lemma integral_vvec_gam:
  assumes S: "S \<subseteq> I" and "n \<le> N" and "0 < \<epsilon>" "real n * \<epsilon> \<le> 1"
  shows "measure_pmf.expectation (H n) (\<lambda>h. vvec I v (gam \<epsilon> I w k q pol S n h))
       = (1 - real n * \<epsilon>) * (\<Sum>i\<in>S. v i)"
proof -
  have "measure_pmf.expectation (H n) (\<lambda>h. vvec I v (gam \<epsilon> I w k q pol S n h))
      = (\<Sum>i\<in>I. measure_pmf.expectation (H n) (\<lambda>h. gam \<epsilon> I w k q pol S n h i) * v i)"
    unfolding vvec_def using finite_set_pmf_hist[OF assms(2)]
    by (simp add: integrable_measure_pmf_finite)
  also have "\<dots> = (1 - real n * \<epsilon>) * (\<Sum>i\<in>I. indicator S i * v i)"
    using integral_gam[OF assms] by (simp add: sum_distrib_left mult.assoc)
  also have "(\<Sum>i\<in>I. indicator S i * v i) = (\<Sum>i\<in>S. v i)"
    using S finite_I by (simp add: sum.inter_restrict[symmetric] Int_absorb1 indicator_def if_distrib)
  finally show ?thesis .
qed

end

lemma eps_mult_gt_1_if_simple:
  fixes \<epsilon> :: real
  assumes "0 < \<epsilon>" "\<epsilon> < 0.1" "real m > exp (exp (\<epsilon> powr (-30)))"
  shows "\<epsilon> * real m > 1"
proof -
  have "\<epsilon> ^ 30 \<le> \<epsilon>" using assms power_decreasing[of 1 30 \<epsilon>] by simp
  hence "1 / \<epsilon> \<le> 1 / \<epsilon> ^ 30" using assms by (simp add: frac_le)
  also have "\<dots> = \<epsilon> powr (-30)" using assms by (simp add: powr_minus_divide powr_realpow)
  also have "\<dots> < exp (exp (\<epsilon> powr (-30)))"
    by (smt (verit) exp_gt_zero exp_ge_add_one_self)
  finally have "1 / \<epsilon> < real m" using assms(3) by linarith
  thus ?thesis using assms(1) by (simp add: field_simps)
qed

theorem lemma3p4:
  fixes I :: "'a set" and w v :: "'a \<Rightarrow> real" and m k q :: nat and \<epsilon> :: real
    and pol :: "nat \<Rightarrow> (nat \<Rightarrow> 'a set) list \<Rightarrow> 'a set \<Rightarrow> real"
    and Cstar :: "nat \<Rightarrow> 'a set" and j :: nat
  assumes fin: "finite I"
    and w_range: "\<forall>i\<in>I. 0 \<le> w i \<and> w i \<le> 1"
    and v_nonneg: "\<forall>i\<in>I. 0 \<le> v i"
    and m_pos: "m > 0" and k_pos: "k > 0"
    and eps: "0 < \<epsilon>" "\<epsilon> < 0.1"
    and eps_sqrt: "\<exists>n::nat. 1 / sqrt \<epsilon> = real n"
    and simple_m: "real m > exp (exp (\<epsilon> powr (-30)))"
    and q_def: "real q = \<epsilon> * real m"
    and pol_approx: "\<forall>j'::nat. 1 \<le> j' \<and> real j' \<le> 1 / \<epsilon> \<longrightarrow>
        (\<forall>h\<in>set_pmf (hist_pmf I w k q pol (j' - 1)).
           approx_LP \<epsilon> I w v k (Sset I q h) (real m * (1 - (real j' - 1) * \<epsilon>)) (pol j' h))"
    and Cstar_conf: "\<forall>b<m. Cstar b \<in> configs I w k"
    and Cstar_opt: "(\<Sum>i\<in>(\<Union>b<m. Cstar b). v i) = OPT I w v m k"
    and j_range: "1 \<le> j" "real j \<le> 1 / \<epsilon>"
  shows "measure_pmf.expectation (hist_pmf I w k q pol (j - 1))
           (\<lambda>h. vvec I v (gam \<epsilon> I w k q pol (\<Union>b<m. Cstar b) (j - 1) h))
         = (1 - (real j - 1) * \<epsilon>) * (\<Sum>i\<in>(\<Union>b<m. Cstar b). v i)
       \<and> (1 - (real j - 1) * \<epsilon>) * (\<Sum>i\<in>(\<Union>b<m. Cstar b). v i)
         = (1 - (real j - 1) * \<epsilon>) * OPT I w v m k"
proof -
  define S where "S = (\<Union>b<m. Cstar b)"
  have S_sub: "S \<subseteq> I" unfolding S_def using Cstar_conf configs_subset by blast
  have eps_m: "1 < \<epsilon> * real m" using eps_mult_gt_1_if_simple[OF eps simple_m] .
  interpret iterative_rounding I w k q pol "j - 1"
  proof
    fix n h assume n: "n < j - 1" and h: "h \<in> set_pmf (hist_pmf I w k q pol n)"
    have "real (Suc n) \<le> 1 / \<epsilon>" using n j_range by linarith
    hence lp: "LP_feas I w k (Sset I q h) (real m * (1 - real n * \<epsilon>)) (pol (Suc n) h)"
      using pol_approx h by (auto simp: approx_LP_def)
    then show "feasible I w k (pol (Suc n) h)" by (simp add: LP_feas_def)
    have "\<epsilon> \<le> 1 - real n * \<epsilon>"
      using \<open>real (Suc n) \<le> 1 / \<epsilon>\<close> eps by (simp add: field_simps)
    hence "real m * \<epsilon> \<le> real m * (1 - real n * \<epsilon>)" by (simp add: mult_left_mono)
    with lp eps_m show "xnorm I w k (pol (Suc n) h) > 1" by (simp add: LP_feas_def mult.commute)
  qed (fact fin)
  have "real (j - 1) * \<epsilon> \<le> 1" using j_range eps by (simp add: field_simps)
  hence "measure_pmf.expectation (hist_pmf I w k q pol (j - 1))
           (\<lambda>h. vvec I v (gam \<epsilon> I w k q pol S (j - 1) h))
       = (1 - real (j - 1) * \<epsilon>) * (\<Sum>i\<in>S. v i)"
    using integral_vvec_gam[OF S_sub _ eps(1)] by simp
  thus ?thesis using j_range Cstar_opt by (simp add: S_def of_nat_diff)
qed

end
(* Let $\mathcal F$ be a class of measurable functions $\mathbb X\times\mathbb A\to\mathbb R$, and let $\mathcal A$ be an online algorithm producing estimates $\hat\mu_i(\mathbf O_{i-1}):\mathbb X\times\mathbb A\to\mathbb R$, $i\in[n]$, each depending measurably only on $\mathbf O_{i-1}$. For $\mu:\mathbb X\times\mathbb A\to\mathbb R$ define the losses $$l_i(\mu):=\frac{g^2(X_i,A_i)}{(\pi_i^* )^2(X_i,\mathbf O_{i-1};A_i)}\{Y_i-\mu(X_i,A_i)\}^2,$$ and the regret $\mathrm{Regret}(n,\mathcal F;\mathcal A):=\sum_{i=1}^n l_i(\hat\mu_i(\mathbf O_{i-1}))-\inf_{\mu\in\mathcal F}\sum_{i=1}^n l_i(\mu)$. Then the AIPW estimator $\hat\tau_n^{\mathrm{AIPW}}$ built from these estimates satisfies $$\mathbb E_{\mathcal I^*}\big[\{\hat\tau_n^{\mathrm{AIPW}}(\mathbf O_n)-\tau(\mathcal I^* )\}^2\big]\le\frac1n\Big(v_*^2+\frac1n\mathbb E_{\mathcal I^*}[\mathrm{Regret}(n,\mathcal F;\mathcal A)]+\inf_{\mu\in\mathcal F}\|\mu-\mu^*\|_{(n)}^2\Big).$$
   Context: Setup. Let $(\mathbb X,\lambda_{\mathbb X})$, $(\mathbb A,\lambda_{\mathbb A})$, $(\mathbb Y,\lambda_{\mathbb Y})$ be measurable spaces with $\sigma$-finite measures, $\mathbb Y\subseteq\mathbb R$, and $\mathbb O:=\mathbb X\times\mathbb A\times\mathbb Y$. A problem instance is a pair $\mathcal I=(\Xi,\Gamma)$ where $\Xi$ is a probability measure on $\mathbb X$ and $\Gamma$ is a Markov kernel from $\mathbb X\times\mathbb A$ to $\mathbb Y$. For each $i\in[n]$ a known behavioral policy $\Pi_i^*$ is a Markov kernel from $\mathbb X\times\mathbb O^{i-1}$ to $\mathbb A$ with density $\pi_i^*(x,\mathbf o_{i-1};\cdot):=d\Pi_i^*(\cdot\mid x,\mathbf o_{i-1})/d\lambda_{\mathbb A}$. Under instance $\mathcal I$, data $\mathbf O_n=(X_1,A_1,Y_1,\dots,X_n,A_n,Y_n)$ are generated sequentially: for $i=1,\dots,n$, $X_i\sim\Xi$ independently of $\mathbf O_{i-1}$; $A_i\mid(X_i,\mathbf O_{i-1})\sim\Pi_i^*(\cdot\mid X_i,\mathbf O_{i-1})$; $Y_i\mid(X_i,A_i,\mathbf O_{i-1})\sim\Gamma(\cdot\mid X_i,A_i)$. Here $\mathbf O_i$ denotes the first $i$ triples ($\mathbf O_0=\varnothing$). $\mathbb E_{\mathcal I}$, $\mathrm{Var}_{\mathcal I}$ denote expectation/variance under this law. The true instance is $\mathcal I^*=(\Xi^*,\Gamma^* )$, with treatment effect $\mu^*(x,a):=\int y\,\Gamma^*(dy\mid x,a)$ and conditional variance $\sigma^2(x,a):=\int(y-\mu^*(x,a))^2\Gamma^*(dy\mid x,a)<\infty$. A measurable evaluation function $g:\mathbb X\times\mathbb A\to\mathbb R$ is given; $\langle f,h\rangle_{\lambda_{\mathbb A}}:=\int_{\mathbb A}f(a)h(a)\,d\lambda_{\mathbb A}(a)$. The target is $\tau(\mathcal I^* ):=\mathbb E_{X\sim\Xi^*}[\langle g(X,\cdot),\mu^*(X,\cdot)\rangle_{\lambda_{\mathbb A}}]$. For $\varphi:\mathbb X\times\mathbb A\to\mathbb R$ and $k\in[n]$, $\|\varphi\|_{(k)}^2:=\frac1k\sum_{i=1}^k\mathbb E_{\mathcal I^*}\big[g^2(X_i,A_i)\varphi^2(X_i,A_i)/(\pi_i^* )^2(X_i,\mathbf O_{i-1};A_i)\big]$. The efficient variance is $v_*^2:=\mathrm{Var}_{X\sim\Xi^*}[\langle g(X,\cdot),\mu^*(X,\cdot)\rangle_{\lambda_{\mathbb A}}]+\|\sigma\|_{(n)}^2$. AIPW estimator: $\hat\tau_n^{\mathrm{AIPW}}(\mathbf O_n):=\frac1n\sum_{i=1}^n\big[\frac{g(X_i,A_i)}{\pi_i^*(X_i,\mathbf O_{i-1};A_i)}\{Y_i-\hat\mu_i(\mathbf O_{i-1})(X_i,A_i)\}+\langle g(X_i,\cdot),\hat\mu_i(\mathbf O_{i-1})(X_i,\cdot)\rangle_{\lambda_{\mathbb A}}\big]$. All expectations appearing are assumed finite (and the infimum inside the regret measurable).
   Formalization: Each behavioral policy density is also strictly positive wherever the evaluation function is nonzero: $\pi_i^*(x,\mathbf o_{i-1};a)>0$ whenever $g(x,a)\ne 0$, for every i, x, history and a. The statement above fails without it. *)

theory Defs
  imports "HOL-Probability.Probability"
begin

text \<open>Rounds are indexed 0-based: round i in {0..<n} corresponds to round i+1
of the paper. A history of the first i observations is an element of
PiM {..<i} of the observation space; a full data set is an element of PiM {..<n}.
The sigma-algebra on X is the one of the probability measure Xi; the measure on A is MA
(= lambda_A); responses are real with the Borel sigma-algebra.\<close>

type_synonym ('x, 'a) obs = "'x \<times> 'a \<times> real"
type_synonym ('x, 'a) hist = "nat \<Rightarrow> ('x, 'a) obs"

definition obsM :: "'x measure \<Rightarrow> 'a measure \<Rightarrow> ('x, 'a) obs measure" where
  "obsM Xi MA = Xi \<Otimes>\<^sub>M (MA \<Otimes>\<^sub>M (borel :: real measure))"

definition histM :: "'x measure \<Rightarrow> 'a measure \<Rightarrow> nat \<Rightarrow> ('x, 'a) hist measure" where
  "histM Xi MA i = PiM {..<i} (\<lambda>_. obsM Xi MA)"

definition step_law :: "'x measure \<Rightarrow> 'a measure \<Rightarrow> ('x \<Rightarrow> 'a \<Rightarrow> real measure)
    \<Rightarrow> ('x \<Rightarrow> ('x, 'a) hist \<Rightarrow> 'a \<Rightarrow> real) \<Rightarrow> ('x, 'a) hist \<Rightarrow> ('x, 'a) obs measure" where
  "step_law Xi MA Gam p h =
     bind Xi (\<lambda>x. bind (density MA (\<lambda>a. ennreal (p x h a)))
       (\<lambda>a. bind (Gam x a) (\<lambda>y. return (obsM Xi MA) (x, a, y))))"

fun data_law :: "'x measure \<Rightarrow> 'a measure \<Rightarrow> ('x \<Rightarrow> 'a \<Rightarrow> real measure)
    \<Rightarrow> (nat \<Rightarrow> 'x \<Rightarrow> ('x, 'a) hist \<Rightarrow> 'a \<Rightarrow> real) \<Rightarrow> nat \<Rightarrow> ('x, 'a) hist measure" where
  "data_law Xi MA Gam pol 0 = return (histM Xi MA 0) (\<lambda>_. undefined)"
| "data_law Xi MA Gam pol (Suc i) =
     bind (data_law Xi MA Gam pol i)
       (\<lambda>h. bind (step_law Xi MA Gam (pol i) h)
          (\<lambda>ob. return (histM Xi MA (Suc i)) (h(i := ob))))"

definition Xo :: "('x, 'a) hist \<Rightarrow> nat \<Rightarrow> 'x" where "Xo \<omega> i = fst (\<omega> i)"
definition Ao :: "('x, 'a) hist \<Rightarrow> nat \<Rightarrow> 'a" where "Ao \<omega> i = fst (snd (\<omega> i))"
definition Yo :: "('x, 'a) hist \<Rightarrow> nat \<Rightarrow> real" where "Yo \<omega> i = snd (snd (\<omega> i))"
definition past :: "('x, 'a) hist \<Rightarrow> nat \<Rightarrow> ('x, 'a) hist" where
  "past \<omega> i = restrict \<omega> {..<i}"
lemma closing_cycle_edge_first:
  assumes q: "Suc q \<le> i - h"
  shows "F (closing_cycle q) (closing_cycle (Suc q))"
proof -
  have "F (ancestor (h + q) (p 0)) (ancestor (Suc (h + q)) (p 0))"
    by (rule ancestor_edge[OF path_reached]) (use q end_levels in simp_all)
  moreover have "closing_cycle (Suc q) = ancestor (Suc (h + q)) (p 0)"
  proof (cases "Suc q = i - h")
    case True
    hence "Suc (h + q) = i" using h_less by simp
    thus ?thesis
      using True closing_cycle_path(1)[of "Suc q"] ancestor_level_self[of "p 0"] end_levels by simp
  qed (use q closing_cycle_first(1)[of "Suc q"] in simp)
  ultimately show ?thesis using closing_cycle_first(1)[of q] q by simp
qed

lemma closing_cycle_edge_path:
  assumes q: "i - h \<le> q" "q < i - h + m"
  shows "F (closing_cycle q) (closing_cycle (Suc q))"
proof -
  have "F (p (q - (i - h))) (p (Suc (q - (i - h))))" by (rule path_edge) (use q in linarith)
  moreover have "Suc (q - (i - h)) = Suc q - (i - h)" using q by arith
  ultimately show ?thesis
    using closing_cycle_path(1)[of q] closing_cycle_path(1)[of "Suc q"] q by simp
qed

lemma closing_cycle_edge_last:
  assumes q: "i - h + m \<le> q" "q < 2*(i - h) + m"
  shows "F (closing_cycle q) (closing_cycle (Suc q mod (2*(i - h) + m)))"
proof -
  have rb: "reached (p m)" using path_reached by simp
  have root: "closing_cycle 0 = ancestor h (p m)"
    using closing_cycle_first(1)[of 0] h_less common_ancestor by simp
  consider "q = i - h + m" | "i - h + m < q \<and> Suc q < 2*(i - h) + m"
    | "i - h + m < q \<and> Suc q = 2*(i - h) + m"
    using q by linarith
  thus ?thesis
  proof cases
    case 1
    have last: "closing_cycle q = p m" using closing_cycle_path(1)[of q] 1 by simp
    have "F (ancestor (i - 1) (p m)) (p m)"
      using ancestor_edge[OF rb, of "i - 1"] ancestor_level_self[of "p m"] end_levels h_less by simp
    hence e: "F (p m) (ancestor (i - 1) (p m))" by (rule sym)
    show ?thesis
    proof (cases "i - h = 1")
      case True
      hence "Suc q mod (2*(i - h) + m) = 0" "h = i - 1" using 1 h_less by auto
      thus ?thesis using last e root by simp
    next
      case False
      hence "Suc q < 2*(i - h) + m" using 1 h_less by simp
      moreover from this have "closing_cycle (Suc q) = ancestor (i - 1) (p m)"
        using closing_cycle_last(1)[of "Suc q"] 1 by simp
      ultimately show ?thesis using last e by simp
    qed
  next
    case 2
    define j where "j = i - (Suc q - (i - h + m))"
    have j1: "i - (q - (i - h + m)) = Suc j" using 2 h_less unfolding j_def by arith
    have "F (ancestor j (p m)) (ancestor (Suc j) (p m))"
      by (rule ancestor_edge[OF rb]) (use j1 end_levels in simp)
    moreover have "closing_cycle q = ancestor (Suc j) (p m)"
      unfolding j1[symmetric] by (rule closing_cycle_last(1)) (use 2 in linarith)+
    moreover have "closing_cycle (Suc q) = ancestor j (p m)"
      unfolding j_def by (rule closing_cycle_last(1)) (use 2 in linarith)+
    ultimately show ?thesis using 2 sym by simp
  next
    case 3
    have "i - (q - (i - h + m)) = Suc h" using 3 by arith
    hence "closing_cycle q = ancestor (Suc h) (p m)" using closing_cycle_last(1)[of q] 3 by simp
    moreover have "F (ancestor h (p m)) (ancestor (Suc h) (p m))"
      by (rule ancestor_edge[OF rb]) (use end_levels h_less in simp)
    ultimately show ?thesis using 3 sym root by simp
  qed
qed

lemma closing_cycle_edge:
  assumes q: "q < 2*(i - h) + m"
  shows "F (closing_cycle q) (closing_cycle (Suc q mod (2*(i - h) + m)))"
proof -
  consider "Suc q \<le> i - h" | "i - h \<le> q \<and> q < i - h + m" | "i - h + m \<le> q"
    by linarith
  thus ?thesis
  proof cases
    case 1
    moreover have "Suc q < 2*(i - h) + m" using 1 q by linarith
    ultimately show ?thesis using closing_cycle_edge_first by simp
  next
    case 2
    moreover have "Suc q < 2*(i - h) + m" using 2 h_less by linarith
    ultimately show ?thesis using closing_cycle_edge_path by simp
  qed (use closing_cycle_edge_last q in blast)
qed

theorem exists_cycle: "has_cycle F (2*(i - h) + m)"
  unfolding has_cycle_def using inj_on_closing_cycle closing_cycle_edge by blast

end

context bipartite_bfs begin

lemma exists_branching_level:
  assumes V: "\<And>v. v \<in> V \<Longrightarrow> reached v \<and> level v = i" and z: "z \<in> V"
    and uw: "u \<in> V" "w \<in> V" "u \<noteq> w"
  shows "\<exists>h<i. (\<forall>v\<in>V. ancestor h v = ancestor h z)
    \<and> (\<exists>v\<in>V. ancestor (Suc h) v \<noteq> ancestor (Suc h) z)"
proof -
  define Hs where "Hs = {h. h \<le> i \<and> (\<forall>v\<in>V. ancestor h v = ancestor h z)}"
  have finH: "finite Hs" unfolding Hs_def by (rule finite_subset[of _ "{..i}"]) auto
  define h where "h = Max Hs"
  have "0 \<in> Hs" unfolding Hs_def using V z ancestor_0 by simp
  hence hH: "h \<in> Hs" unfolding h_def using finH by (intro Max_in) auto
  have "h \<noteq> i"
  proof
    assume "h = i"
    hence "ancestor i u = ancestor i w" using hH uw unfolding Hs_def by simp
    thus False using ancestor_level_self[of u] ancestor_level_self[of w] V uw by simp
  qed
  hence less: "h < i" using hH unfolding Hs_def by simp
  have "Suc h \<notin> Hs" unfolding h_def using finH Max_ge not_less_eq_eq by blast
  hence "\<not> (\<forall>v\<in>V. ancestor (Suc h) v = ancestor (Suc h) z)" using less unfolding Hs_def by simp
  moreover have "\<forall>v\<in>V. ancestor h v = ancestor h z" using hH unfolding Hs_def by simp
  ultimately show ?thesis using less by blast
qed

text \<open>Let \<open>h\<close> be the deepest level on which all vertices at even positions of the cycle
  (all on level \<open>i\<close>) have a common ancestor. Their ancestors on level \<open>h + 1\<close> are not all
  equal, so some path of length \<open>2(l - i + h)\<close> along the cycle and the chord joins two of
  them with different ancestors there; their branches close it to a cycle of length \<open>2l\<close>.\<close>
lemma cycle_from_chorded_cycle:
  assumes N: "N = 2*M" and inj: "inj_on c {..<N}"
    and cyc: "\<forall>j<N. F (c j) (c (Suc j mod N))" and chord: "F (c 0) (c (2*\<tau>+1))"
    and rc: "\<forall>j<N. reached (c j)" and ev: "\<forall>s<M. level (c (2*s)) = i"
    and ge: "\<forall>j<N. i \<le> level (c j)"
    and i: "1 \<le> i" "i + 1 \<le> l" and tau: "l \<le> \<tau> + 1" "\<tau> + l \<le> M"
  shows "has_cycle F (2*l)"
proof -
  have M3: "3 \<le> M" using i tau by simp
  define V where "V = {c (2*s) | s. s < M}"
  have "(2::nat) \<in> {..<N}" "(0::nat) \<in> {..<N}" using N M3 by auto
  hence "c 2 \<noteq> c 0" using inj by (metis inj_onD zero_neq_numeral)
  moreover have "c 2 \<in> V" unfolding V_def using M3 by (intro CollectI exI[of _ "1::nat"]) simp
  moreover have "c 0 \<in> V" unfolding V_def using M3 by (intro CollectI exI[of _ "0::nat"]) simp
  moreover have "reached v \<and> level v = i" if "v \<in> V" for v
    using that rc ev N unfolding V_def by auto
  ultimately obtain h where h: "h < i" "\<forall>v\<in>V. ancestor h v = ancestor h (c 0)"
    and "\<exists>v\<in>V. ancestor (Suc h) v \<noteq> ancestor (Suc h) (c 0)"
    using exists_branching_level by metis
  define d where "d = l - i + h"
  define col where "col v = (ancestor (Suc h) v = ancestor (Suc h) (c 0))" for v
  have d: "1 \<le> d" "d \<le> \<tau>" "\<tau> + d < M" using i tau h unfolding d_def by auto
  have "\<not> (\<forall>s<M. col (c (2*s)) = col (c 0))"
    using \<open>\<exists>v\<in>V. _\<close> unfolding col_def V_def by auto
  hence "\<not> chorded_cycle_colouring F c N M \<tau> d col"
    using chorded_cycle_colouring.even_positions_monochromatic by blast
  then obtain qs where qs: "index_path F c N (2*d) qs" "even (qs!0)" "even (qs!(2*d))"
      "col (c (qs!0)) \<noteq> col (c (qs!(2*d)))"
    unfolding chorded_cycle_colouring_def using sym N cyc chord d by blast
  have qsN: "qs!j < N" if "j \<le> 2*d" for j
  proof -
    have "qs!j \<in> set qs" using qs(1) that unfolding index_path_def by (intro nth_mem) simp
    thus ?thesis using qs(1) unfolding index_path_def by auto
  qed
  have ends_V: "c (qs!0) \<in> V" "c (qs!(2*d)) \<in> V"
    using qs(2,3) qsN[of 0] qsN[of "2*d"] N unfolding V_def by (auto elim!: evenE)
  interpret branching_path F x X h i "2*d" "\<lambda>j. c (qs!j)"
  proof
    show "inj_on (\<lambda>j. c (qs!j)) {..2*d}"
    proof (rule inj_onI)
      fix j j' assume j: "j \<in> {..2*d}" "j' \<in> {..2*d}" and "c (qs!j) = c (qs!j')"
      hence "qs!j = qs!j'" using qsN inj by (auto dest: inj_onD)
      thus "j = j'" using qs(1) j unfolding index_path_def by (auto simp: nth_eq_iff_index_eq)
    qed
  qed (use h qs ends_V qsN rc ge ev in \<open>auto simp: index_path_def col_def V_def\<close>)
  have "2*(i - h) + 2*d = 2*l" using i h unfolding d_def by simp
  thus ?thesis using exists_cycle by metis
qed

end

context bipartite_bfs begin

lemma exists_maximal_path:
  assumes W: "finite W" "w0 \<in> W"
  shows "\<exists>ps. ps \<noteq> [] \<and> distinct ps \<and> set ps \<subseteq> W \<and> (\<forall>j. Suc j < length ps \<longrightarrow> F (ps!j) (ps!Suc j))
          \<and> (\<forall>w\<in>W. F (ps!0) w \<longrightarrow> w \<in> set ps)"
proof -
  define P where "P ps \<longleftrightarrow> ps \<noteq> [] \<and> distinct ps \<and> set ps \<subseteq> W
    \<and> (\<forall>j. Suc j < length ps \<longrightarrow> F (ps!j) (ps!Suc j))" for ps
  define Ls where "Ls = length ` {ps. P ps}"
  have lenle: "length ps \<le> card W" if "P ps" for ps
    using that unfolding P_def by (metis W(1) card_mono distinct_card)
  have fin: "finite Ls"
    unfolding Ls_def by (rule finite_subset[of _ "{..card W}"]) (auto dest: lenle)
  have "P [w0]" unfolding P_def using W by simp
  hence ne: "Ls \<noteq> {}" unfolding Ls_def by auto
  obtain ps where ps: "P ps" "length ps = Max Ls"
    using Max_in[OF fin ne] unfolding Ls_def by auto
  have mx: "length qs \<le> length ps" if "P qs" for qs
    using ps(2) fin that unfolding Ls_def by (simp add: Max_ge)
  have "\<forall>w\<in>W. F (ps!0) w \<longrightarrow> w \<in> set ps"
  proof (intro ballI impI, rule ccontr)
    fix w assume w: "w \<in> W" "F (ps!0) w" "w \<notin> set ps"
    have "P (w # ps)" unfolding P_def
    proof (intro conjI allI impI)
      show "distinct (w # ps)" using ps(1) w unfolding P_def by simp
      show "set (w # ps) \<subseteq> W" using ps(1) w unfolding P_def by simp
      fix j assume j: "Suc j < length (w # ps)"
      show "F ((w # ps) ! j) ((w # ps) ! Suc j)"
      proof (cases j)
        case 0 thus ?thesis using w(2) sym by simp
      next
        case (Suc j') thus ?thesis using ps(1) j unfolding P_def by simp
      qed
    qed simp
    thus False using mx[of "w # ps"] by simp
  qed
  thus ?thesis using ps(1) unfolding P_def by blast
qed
*****
**Problem requirements**. Restate word for word the lines in the material above from the one with "ultimately show ?thesis using closing_cycle_edge_first" to the one with "define Hs where"; both of those lines count, and nothing else does.

**Final answer**.
    ultimately show ?thesis using closing_cycle_edge_first by simp
  next
    case 2
    moreover have "Suc q < 2*(i - h) + m" using 2 h_less by linarith
    ultimately show ?thesis using closing_cycle_edge_path by simp
  qed (use closing_cycle_edge_last q in blast)
qed

theorem exists_cycle: "has_cycle F (2*(i - h) + m)"
  unfolding has_cycle_def using inj_on_closing_cycle closing_cycle_edge by blast

end

context bipartite_bfs begin

lemma exists_branching_level:
  assumes V: "\<And>v. v \<in> V \<Longrightarrow> reached v \<and> level v = i" and z: "z \<in> V"
    and uw: "u \<in> V" "w \<in> V" "u \<noteq> w"
  shows "\<exists>h<i. (\<forall>v\<in>V. ancestor h v = ancestor h z)
    \<and> (\<exists>v\<in>V. ancestor (Suc h) v \<noteq> ancestor (Suc h) z)"
proof -
  define Hs where "Hs = {h. h \<le> i \<and> (\<forall>v\<in>V. ancestor h v = ancestor h z)}"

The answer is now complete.